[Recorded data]
(* Let $g:[0,1]\to\mathbb R$ be defined by $g(p)=\frac{1}{2+p}\bigl(1-\exp(-\frac{2+p}{p}\ln\frac1{1-p})\bigr)$ for $p\in(0,1)$, with $g(0)=\frac12(1-e^{-2})$ and $g(1)=\frac13$ (the limiting values). Then $$\inf_{\mu}\ \max\Bigl\{\int_{[0,1]}g(q)\,d\mu(q),\ \int_{[0,1]}q\,d\mu(q)\Bigr\}\ =\ \frac{3e^2-3}{7e^2-3}\approx0.3934,$$ where the infimum ranges over all probability measures $\mu$ on $[0,1]$. The infimum is attained by the measure that puts mass $\frac{3e^2-3}{7e^2-3}$ on the point $1$ and the remaining mass on the point $0$. *)

theory Defs
  imports "HOL-Probability.Probability"
begin

definition gfun :: "real \<Rightarrow> real" where
  "gfun p = (if p = 0 then (1 - exp (-2)) / 2
             else if p = 1 then 1 / 3
             else 1 / (2 + p) * (1 - exp (- ((2 + p) / p) * ln (1 / (1 - p)))))"

definition prob_measures_01 :: "real measure set" where
  "prob_measures_01 = {M. prob_space M \<and> space M = {0..1}
                          \<and> sets M = sets (restrict_space borel {0..1})}"

definition objective :: "real measure \<Rightarrow> real" where
  "objective M = max (integral\<^sup>L M gfun) (integral\<^sup>L M (\<lambda>q. q))"

end

theory Submission
  imports Defs
begin

text \<open>
  The function g lies above its chord on [0,1]: g p \<ge> (1 - p) g 0 + p g 1. This reduces to
  the bound e^-2 (1 - p)^2 on the exponential term, which comes from ln (1 - p) \<le> -2p/(2 - p),
  together with e^-2 \<ge> 1/9. Integrating against \<mu> with mean m, the first integral is at
  least a (1 - m) + m/3 with a = g 0, so the objective is at least max (a (1 - m) + m/3) m,
  which is smallest where these two affine functions of m cross, at
  m = a / (a + 2/3) = (3e^2 - 3)/(7e^2 - 3). The two-point measure with that mass on 1 has
  mean m and first integral exactly a (1 - m) + m/3, so it attains the bound.
\<close>

lemma ln_one_minus_le:
  fixes p :: real
  assumes "0 \<le> p" "p < 1"
  shows "ln (1 - p) \<le> - 2 * p / (2 - p)"
proof -
  define f where "f x = ln (1 - x) + 2 * x / (2 - x)" for x :: real
  have f_deriv: "(f has_real_derivative (- 1 / (1 - x) + 4 / (2 - x)\<^sup>2)) (at x)" if "x < 1" for x
    unfolding f_def using that
    by (auto intro!: derivative_eq_intros simp: field_simps power2_eq_square)
  have f_deriv_nonpos: "- 1 / (1 - x) + 4 / (2 - x)\<^sup>2 \<le> 0" if "x < 1" for x :: real
  proof -
    have "- 1 / (1 - x) + 4 / (2 - x)\<^sup>2 = - (x\<^sup>2) / ((1 - x) * (2 - x)\<^sup>2)"
      using that by (simp add: divide_simps) (simp add: algebra_simps power2_eq_square)
    also have "\<dots> \<le> 0"
      using that by (intro divide_nonpos_pos) auto
    finally show ?thesis .
  qed
  have "f p \<le> f 0"
  proof (rule DERIV_nonpos_imp_nonincreasing[of 0 p f])
    fix x assume "0 \<le> x" "x \<le> p"
    then have "x < 1"
      using assms by simp
    then show "\<exists>y. (f has_real_derivative y) (at x) \<and> y \<le> 0"
      using f_deriv f_deriv_nonpos by blast
  qed (use assms in simp)
  then show ?thesis
    by (simp add: f_def)
qed

lemma exp_gfun_exponent_le:
  fixes p :: real
  assumes "0 < p" "p < 1"
  shows "exp (- ((2 + p) / p) * ln (1 / (1 - p))) \<le> exp (- 2) * (1 - p)\<^sup>2"
proof -
  have exponent: "- ((2 + p) / p) * ln (1 / (1 - p)) = ln (1 - p) * ((2 - p) / p) + 2 * ln (1 - p)"
    using assms by (simp add: ln_div field_simps)
  have "ln (1 - p) * ((2 - p) / p) \<le> (- 2 * p / (2 - p)) * ((2 - p) / p)"
    using assms ln_one_minus_le[of p] by (intro mult_right_mono) auto
  also have "\<dots> = - 2"
    using assms by (simp add: field_simps)
  finally have "exp (- ((2 + p) / p) * ln (1 / (1 - p))) \<le> exp (- 2 + 2 * ln (1 - p))"
    unfolding exponent by simp
  also have "\<dots> = exp (- 2) * exp (ln (1 - p)) ^ 2"
    by (simp add: exp_add[symmetric] exp_of_nat_mult[symmetric])
  also have "\<dots> = exp (- 2) * (1 - p)\<^sup>2"
    using assms by simp
  finally show ?thesis .
qed

lemma gfun_0 [simp]: "gfun 0 = (1 - exp (- 2)) / 2"
  and gfun_1 [simp]: "gfun 1 = 1 / 3"
  by (simp_all add: gfun_def)

lemma exp_minus_two_bounds: "1 / 9 \<le> exp (- 2 :: real)" "exp (- 2 :: real) \<le> 1 / 3"
proof -
  have "exp (2 :: real) = exp 1 ^ 2"
    by (simp add: exp_of_nat_mult[symmetric])
  also have "\<dots> \<le> 3 ^ 2"
    using exp_le by (intro power_mono) auto
  finally have "exp (2 :: real) \<le> 9" by simp
  moreover have "3 \<le> exp (2 :: real)"
    using exp_ge_add_one_self[of 2] by simp
  ultimately show "1 / 9 \<le> exp (- 2 :: real)" "exp (- 2 :: real) \<le> 1 / 3"
    by (simp_all add: exp_minus field_simps)
qed

lemma gfun_above_chord:
  assumes "0 \<le> p" "p \<le> 1"
  shows "(1 - p) * gfun 0 + p * gfun 1 \<le> gfun p"
proof (cases "p = 0 \<or> p = 1")
  case True
  then show ?thesis by auto
next
  case False
  with assms have p: "0 < p" "p < 1" by auto
  define E where "E = exp (- 2 :: real)"
  have "(1 - p) * gfun 0 + p * gfun 1 = (1 - E * (1 - p)\<^sup>2 - (1 - p) * p * (9 * E - 1) / 6) / (2 + p)"
    using p by (simp add: E_def field_simps power2_eq_square)
  also have "\<dots> \<le> (1 - E * (1 - p)\<^sup>2) / (2 + p)"
    using p exp_minus_two_bounds(1) unfolding E_def[symmetric]
    by (intro divide_right_mono) auto
  also have "\<dots> \<le> (1 - exp (- ((2 + p) / p) * ln (1 / (1 - p)))) / (2 + p)"
    using p exp_gfun_exponent_le[OF p] unfolding E_def by (intro divide_right_mono) auto
  also have "\<dots> = gfun p"
    using p by (simp add: gfun_def)
  finally show ?thesis .
qed

lemma gfun_bounds:
  assumes "0 \<le> p" "p \<le> 1"
  shows "0 \<le> gfun p" "gfun p \<le> 1"
proof -
  have "0 \<le> (1 - p) * gfun 0 + p * gfun 1"
    using assms exp_minus_two_bounds by (intro add_nonneg_nonneg mult_nonneg_nonneg) auto
  then show "0 \<le> gfun p"
    using gfun_above_chord[OF assms] by linarith
  show "gfun p \<le> 1"
  proof (cases "p = 0 \<or> p = 1")
    case False
    then have "gfun p = (1 - exp (- ((2 + p) / p) * ln (1 / (1 - p)))) / (2 + p)"
      by (simp add: gfun_def)
    also have "\<dots> \<le> 1 / (2 + p)"
      using assms by (intro divide_right_mono) auto
    also have "\<dots> \<le> 1"
      using assms by simp
    finally show ?thesis .
  qed (use exp_minus_two_bounds in auto)
qed

lemma borel_measurable_gfun [measurable]: "gfun \<in> borel_measurable borel"
  unfolding gfun_def by measurable

lemma max_affine_ge_crossing:
  fixes a b m :: real
  assumes "b \<le> a"
  shows "a / (1 + a - b) \<le> max (a * (1 - m) + b * m) m"
proof (cases "a / (1 + a - b) \<le> m")
  case False
  have pos: "0 < 1 + a - b" using assms by simp
  with False have "(1 + a - b) * m < a" by (simp add: field_simps)
  then have "0 \<le> (a - b) * (a - (1 + a - b) * m)"
    using assms by simp
  then have "a \<le> (1 + a - b) * (a * (1 - m) + b * m)"
    by (simp add: algebra_simps)
  then have "a / (1 + a - b) \<le> a * (1 - m) + b * m"
    using pos by (simp add: divide_le_eq mult.commute)
  then show ?thesis
    by simp
qed simp

lemma affine_crossing_point:
  fixes a b :: real
  assumes "b \<le> a"
  shows "a / (1 + a - b) * b + (1 - a / (1 + a - b)) * a = a / (1 + a - b)"
proof -
  have "0 < 1 + a - b" using assms by simp
  then show ?thesis by (simp add: divide_simps) (simp add: algebra_simps)
qed

lemma gfun_crossing_eq: "gfun 0 / (1 + gfun 0 - gfun 1) = (3 * exp 2 - 3) / (7 * exp 2 - 3)"
proof -
  have "7 * exp 2 - (3 :: real) > 0"
    using exp_ge_add_one_self[of "2 :: real"] by simp
  then show ?thesis
    by (simp add: exp_minus field_simps)
qed

lemma prob_space_prob_measures_01: "M \<in> prob_measures_01 \<Longrightarrow> prob_space M"
  by (simp add: prob_measures_01_def)

lemma measurable_prob_measures_01:
  assumes "M \<in> prob_measures_01" "f \<in> borel_measurable borel"
  shows "f \<in> borel_measurable M"
proof -
  have "sets M = sets (restrict_space borel {0..1 :: real})"
    using assms(1) by (simp add: prob_measures_01_def)
  then show ?thesis
    using measurable_restrict_space1[OF assms(2)] measurable_cong_sets by blast
qed

lemma integrable_prob_measures_01:
  fixes f :: "real \<Rightarrow> 'b::{banach, second_countable_topology}"
  assumes "M \<in> prob_measures_01" "f \<in> borel_measurable borel"
    and "\<And>x. x \<in> {0..1} \<Longrightarrow> norm (f x) \<le> B"
  shows "integrable M f"
proof -
  interpret prob_space M
    using assms(1) by (rule prob_space_prob_measures_01)
  show ?thesis
    using assms measurable_prob_measures_01
    by (intro integrable_const_bound[of _ B]) (auto simp: prob_measures_01_def)
qed

lemma objective_ge_crossing:
  assumes "M \<in> prob_measures_01"
  shows "gfun 0 / (1 + gfun 0 - gfun 1) \<le> objective M"
proof -
  interpret prob_space M
    using assms by (rule prob_space_prob_measures_01)
  have space: "space M = {0..1}"
    using assms by (simp add: prob_measures_01_def)
  define m where "m = integral\<^sup>L M (\<lambda>q. q)"
  have int_id: "integrable M (\<lambda>q. q)"
    using assms by (rule integrable_prob_measures_01[where B = 1]) auto
  have int_g: "integrable M gfun"
    using assms gfun_bounds by (intro integrable_prob_measures_01[where B = 1]) auto
  have "gfun 0 * (1 - m) + gfun 1 * m = integral\<^sup>L M (\<lambda>q. (1 - q) * gfun 0 + q * gfun 1)"
    using int_id by (simp add: m_def prob_space algebra_simps)
  also have "\<dots> \<le> integral\<^sup>L M gfun"
    using int_id int_g gfun_above_chord by (intro integral_mono) (auto simp: space)
  finally have "max (gfun 0 * (1 - m) + gfun 1 * m) m \<le> objective M"
    by (simp add: objective_def m_def)
  moreover have "gfun 0 / (1 + gfun 0 - gfun 1) \<le> max (gfun 0 * (1 - m) + gfun 1 * m) m"
    using exp_minus_two_bounds by (intro max_affine_ge_crossing) simp
  ultimately show ?thesis
    by linarith
qed

definition bernoulli_01 :: "real \<Rightarrow> real measure" where
  "bernoulli_01 p = distr (measure_pmf (bernoulli_pmf p)) (restrict_space borel {0..1}) of_bool"

lemma measurable_of_bool_01:
  "(of_bool :: bool \<Rightarrow> real) \<in> measurable (measure_pmf q) (restrict_space borel {0..1})"
  by (auto simp: of_bool_def)

lemma bernoulli_01_in_prob_measures_01: "bernoulli_01 p \<in> prob_measures_01"
  unfolding prob_measures_01_def bernoulli_01_def
  using measure_pmf.prob_space_distr[OF measurable_of_bool_01] by simp

lemma measure_bernoulli_01_singleton:
  "measure (bernoulli_01 p) {of_bool b} = pmf (bernoulli_pmf p) b"
proof -
  have "measure (bernoulli_01 p) {of_bool b} = measure (measure_pmf (bernoulli_pmf p)) (of_bool -` {of_bool b :: real})"
    unfolding bernoulli_01_def
    by (subst measure_distr[OF measurable_of_bool_01]) (auto simp: sets_restrict_space)
  also have "of_bool -` {of_bool b :: real} = {b}"
    by auto
  finally show "measure (bernoulli_01 p) {of_bool b} = pmf (bernoulli_pmf p) b"
    by (simp add: measure_pmf_single)
qed

lemma integral_bernoulli_01:
  assumes "0 \<le> p" "p \<le> 1" "f \<in> borel_measurable borel"
  shows "integral\<^sup>L (bernoulli_01 p) f = p * f 1 + (1 - p) * f 0"
  unfolding bernoulli_01_def using assms
  by (subst integral_distr[OF measurable_of_bool_01]) (auto intro: measurable_restrict_space1)

theorem mainTheorem9:
  shows "(INF M\<in>prob_measures_01. objective M) = (3 * exp 2 - 3) / (7 * exp 2 - 3)
         \<and> (\<exists>M\<in>prob_measures_01.
               measure M {1} = (3 * exp 2 - 3) / (7 * exp 2 - 3)
             \<and> measure M {0} = 1 - (3 * exp 2 - 3) / (7 * exp 2 - 3)
             \<and> objective M = (3 * exp 2 - 3) / (7 * exp 2 - 3))"
proof -
  define c where "c = gfun 0 / (1 + gfun 0 - gfun 1)"
  have c_01: "0 \<le> c" "c \<le> 1"
    using exp_minus_two_bounds by (auto simp: c_def field_simps)
  have c_fixed: "c * gfun 1 + (1 - c) * gfun 0 = c"
    unfolding c_def using exp_minus_two_bounds
    by (intro affine_crossing_point) simp
  have objective_c: "objective (bernoulli_01 c) = c"
    using c_01 c_fixed by (simp add: objective_def integral_bernoulli_01)
  have "(INF M\<in>prob_measures_01. objective M) = c"
  proof (rule antisym)
    show "(INF M\<in>prob_measures_01. objective M) \<le> c"
      using objective_ge_crossing bernoulli_01_in_prob_measures_01 objective_c
      by (metis c_def bdd_belowI2 cINF_lower)
    show "c \<le> (INF M\<in>prob_measures_01. objective M)"
      using objective_ge_crossing bernoulli_01_in_prob_measures_01
      by (intro cINF_greatest) (auto simp: c_def)
  qed
  moreover have "measure (bernoulli_01 c) {1} = c" "measure (bernoulli_01 c) {0} = 1 - c"
    using measure_bernoulli_01_singleton[of c True] measure_bernoulli_01_singleton[of c False] c_01
    by simp_all
  ultimately show ?thesis
    using bernoulli_01_in_prob_measures_01 objective_c
    unfolding gfun_crossing_eq[folded c_def, symmetric] by blast
qed

end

→ AIM OF THE EXERCISE:
For the word "shows", please say how many lines in the entries hold it, with only the number as the reply.

→ ANSWER TO THE EXERCISE:
11